▸ TASK TO COMPLETE
Could you output exactly the lines from the one containing "(if k \<le>" through the end of the records below, and nothing more?

▸ EXTRACTED MATERIAL
________

(* Let $m\ge1$ and $y\in\mathbb{R}^{2m+1}_+$. Then $$\min_{x\in\mathbb{R}^{m+1}_+}\mathcal{I}(y\|x*x)=\min_{\mathbf{Y}\in\boldsymbol{\mathcal{Y}},\,\mathbf{W}\in\boldsymbol{\mathcal{W}}}\mathcal{I}(\mathbf{Y}\|\mathbf{W}).$$
   Context: For $x\in\mathbb{R}^{m+1}$ set $x_k=0$ for $k<0$, $k>m$, and $(x*x)_i=\sum_{j=0}^i x_{i-j}x_j$, $i=0,\dots,2m$. Matrices are indexed by rows $i=0,\dots,2m$ and columns $j=0,\dots,m$. $\boldsymbol{\mathcal{Y}}$ is the set of $\mathbf{Y}\in\mathbb{R}^{(2m+1)\times(m+1)}_+$ with $\mathbf{Y}_{ij}=0$ for $i<j$ and $i>j+m$ and with row sums $\sum_j\mathbf{Y}_{ij}=y_i$. $\boldsymbol{\mathcal{W}}$ is the set of matrices with $\mathbf{W}_{ij}=x_{i-j}x_j$ for $0\le j\le m$, $j\le i\le j+m$, and $\mathbf{W}_{ij}=0$ otherwise, for some $x\in\mathbb{R}^{m+1}_+$. For nonnegative arrays $M,N$ of the same size, $\mathcal{I}(M\|N)=\sum\big(M\log\frac{M}{N}-M+N\big)$ entrywise summed (convention $0\log0=0$; $+\infty$ if some entry has $M>0=N$). *)

theory Defs
  imports Complex_Main "HOL-Library.Extended_Real"
begin

(* Vectors x in R^{m+1} are functions nat => real, only indices 0..m matter;
   entries with index > m are treated as 0 (convention x_k = 0 for k > m). *)
definition ext :: "nat \<Rightarrow> (nat \<Rightarrow> real) \<Rightarrow> nat \<Rightarrow> real" where
  "ext m x k = (if k \<le> m then x k else 0)"

definition conv :: "nat \<Rightarrow> (nat \<Rightarrow> real) \<Rightarrow> nat \<Rightarrow> real" where
  "conv m x i = (\<Sum>j=0..i. ext m x (i - j) * ext m x j)"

________

▸ FINISHED TASK
  "ext m x k = (if k \<le> m then x k else 0)"

definition conv :: "nat \<Rightarrow> (nat \<Rightarrow> real) \<Rightarrow> nat \<Rightarrow> real" where
  "conv m x i = (\<Sum>j=0..i. ext m x (i - j) * ext m x j)"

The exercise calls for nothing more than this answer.